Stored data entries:
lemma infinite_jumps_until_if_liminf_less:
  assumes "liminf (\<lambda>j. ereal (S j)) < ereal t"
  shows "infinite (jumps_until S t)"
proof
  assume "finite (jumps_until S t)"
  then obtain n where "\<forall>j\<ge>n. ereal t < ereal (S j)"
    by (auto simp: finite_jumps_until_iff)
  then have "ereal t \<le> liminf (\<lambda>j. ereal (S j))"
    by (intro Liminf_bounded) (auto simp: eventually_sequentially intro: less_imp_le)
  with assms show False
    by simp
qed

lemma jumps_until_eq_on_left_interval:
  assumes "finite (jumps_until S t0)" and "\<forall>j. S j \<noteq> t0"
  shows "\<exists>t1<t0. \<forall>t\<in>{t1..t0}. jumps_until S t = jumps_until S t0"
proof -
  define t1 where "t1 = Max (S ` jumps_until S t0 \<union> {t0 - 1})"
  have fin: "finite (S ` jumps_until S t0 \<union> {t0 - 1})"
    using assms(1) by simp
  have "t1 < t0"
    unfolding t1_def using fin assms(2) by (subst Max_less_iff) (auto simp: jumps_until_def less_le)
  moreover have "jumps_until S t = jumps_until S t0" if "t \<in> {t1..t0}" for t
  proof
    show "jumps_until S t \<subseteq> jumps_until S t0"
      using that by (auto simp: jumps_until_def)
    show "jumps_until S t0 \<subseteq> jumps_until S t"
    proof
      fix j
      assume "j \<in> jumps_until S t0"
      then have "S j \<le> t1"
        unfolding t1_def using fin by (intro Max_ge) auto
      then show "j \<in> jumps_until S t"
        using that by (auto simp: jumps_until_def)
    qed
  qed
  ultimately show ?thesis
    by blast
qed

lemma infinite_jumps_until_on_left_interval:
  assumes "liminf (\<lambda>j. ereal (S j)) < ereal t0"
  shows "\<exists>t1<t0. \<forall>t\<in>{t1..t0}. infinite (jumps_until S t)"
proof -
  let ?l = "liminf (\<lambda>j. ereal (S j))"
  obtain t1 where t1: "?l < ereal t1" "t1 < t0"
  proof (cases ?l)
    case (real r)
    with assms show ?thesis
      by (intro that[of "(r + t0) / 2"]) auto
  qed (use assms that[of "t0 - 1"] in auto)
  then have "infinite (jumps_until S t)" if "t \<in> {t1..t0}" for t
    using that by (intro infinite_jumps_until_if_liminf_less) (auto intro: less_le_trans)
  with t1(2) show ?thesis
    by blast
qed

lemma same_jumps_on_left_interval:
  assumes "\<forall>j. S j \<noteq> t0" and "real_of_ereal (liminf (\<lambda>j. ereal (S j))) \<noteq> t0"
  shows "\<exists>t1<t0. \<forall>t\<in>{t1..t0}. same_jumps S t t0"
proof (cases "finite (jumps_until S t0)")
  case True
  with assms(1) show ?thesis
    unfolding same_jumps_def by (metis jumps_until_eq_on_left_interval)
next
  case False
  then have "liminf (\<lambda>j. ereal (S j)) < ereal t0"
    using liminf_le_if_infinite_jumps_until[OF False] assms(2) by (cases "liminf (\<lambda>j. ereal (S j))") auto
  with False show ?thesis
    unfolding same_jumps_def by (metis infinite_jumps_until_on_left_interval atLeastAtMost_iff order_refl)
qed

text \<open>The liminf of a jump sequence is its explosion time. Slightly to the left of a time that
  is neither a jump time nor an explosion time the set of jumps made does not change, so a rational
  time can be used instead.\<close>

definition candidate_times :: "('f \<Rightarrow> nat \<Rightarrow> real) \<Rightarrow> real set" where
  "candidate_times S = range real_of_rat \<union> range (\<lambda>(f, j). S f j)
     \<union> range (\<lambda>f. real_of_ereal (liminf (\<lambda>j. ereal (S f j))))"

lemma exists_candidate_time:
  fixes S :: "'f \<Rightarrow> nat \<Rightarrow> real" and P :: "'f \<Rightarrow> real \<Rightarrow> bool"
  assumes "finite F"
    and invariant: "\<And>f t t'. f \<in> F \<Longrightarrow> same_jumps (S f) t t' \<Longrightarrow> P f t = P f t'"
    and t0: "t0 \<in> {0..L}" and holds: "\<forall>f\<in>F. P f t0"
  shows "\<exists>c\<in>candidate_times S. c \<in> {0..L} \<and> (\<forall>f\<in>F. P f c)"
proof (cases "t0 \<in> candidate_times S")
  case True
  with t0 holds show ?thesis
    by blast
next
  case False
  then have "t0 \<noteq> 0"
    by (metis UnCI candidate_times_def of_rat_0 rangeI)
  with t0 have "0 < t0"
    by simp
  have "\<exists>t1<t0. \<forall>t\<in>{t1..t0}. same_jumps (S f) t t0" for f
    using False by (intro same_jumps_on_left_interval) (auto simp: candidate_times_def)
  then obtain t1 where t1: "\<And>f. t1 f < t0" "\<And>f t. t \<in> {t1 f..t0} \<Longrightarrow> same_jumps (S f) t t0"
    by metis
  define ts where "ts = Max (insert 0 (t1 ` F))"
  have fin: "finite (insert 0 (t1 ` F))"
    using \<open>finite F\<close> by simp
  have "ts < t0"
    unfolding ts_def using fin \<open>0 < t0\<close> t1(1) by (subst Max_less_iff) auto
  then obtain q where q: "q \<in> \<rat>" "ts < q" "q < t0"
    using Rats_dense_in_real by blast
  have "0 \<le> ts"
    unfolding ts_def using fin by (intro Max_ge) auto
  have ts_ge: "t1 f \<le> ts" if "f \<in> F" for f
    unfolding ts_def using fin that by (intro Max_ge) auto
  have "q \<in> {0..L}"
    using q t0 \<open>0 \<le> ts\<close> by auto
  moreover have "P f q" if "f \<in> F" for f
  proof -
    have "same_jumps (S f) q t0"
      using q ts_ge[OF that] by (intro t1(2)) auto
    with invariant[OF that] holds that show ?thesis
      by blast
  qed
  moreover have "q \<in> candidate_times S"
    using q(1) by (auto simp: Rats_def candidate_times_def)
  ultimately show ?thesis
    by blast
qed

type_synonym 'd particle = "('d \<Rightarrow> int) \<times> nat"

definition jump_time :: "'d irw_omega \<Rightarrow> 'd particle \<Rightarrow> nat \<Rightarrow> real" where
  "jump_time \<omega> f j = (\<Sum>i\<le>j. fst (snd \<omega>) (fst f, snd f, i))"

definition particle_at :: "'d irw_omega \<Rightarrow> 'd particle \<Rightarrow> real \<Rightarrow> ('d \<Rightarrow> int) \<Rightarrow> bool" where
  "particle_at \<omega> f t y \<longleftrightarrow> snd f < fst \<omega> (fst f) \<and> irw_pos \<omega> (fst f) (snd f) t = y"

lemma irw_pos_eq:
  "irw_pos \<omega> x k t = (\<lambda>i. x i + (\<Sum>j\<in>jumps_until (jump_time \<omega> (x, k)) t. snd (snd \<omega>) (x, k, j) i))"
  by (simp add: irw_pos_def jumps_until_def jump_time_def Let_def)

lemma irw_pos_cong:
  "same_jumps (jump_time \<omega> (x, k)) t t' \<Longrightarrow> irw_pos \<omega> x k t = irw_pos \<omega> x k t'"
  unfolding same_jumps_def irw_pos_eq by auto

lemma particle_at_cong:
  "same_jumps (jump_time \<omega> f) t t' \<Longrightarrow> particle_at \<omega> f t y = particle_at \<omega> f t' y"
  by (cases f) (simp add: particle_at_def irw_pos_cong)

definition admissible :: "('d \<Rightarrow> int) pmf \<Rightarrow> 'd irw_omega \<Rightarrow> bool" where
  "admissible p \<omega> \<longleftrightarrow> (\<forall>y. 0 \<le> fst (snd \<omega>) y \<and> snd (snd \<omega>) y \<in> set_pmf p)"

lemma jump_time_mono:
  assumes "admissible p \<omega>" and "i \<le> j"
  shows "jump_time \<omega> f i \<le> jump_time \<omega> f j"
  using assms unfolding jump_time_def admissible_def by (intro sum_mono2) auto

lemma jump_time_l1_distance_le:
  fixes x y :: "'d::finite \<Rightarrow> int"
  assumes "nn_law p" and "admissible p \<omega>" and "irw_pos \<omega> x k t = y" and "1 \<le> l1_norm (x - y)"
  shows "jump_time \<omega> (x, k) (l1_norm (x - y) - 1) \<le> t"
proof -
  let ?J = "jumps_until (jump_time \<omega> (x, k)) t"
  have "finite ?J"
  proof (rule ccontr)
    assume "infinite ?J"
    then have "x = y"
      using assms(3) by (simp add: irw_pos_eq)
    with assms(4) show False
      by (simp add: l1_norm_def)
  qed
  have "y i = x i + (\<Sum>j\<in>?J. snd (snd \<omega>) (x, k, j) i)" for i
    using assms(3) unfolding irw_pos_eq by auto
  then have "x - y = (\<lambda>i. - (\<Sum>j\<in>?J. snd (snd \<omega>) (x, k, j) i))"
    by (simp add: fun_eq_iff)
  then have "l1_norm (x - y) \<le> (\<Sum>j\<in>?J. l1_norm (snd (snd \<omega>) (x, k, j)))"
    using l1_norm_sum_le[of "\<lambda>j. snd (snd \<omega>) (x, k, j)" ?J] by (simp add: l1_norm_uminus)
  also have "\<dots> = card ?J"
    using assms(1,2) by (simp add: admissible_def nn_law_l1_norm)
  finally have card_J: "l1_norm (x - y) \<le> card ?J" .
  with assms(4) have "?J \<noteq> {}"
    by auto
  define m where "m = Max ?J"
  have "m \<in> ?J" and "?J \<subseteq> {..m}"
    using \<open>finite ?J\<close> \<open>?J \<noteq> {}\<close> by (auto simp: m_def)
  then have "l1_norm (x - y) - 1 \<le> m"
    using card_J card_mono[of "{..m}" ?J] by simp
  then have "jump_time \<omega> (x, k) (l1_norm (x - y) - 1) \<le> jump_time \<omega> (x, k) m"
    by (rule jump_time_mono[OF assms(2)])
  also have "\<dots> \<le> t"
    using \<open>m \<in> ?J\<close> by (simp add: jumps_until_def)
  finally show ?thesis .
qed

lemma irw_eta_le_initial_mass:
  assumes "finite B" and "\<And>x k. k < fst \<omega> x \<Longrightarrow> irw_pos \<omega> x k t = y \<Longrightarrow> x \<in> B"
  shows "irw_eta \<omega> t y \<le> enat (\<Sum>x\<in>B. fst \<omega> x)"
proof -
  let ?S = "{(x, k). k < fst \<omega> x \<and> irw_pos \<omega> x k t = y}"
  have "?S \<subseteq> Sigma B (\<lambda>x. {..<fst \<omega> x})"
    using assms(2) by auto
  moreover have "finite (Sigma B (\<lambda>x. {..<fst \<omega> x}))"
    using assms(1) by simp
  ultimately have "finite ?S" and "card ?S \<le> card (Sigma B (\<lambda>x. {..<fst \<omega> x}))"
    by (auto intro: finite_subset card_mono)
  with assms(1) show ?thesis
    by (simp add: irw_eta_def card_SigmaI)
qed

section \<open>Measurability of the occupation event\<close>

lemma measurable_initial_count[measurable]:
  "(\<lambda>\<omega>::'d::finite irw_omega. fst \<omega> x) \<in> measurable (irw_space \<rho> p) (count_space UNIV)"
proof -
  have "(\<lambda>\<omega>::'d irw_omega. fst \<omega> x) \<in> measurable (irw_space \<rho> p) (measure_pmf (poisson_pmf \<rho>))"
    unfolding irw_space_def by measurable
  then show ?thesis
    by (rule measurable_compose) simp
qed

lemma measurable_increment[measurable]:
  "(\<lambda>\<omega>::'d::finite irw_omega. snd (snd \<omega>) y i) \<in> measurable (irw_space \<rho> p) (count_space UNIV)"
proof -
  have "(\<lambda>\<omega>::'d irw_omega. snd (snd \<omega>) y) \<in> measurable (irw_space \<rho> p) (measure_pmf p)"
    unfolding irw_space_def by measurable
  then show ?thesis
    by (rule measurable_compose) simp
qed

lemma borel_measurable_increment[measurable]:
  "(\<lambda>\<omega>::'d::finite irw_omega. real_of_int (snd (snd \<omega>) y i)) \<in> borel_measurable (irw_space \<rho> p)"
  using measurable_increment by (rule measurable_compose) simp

#### Task requirements
From the entries above, extract only the lines running from the one containing "range (\<lambda>f. real_of_ereal" through the one containing "with invariant[OF that]", inclusive.

#### Your response
     \<union> range (\<lambda>f. real_of_ereal (liminf (\<lambda>j. ereal (S f j))))"

lemma exists_candidate_time:
  fixes S :: "'f \<Rightarrow> nat \<Rightarrow> real" and P :: "'f \<Rightarrow> real \<Rightarrow> bool"
  assumes "finite F"
    and invariant: "\<And>f t t'. f \<in> F \<Longrightarrow> same_jumps (S f) t t' \<Longrightarrow> P f t = P f t'"
    and t0: "t0 \<in> {0..L}" and holds: "\<forall>f\<in>F. P f t0"
  shows "\<exists>c\<in>candidate_times S. c \<in> {0..L} \<and> (\<forall>f\<in>F. P f c)"
proof (cases "t0 \<in> candidate_times S")
  case True
  with t0 holds show ?thesis
    by blast
next
  case False
  then have "t0 \<noteq> 0"
    by (metis UnCI candidate_times_def of_rat_0 rangeI)
  with t0 have "0 < t0"
    by simp
  have "\<exists>t1<t0. \<forall>t\<in>{t1..t0}. same_jumps (S f) t t0" for f
    using False by (intro same_jumps_on_left_interval) (auto simp: candidate_times_def)
  then obtain t1 where t1: "\<And>f. t1 f < t0" "\<And>f t. t \<in> {t1 f..t0} \<Longrightarrow> same_jumps (S f) t t0"
    by metis
  define ts where "ts = Max (insert 0 (t1 ` F))"
  have fin: "finite (insert 0 (t1 ` F))"
    using \<open>finite F\<close> by simp
  have "ts < t0"
    unfolding ts_def using fin \<open>0 < t0\<close> t1(1) by (subst Max_less_iff) auto
  then obtain q where q: "q \<in> \<rat>" "ts < q" "q < t0"
    using Rats_dense_in_real by blast
  have "0 \<le> ts"
    unfolding ts_def using fin by (intro Max_ge) auto
  have ts_ge: "t1 f \<le> ts" if "f \<in> F" for f
    unfolding ts_def using fin that by (intro Max_ge) auto
  have "q \<in> {0..L}"
    using q t0 \<open>0 \<le> ts\<close> by auto
  moreover have "P f q" if "f \<in> F" for f
  proof -
    have "same_jumps (S f) q t0"
      using q ts_ge[OF that] by (intro t1(2)) auto
    with invariant[OF that] holds that show ?thesis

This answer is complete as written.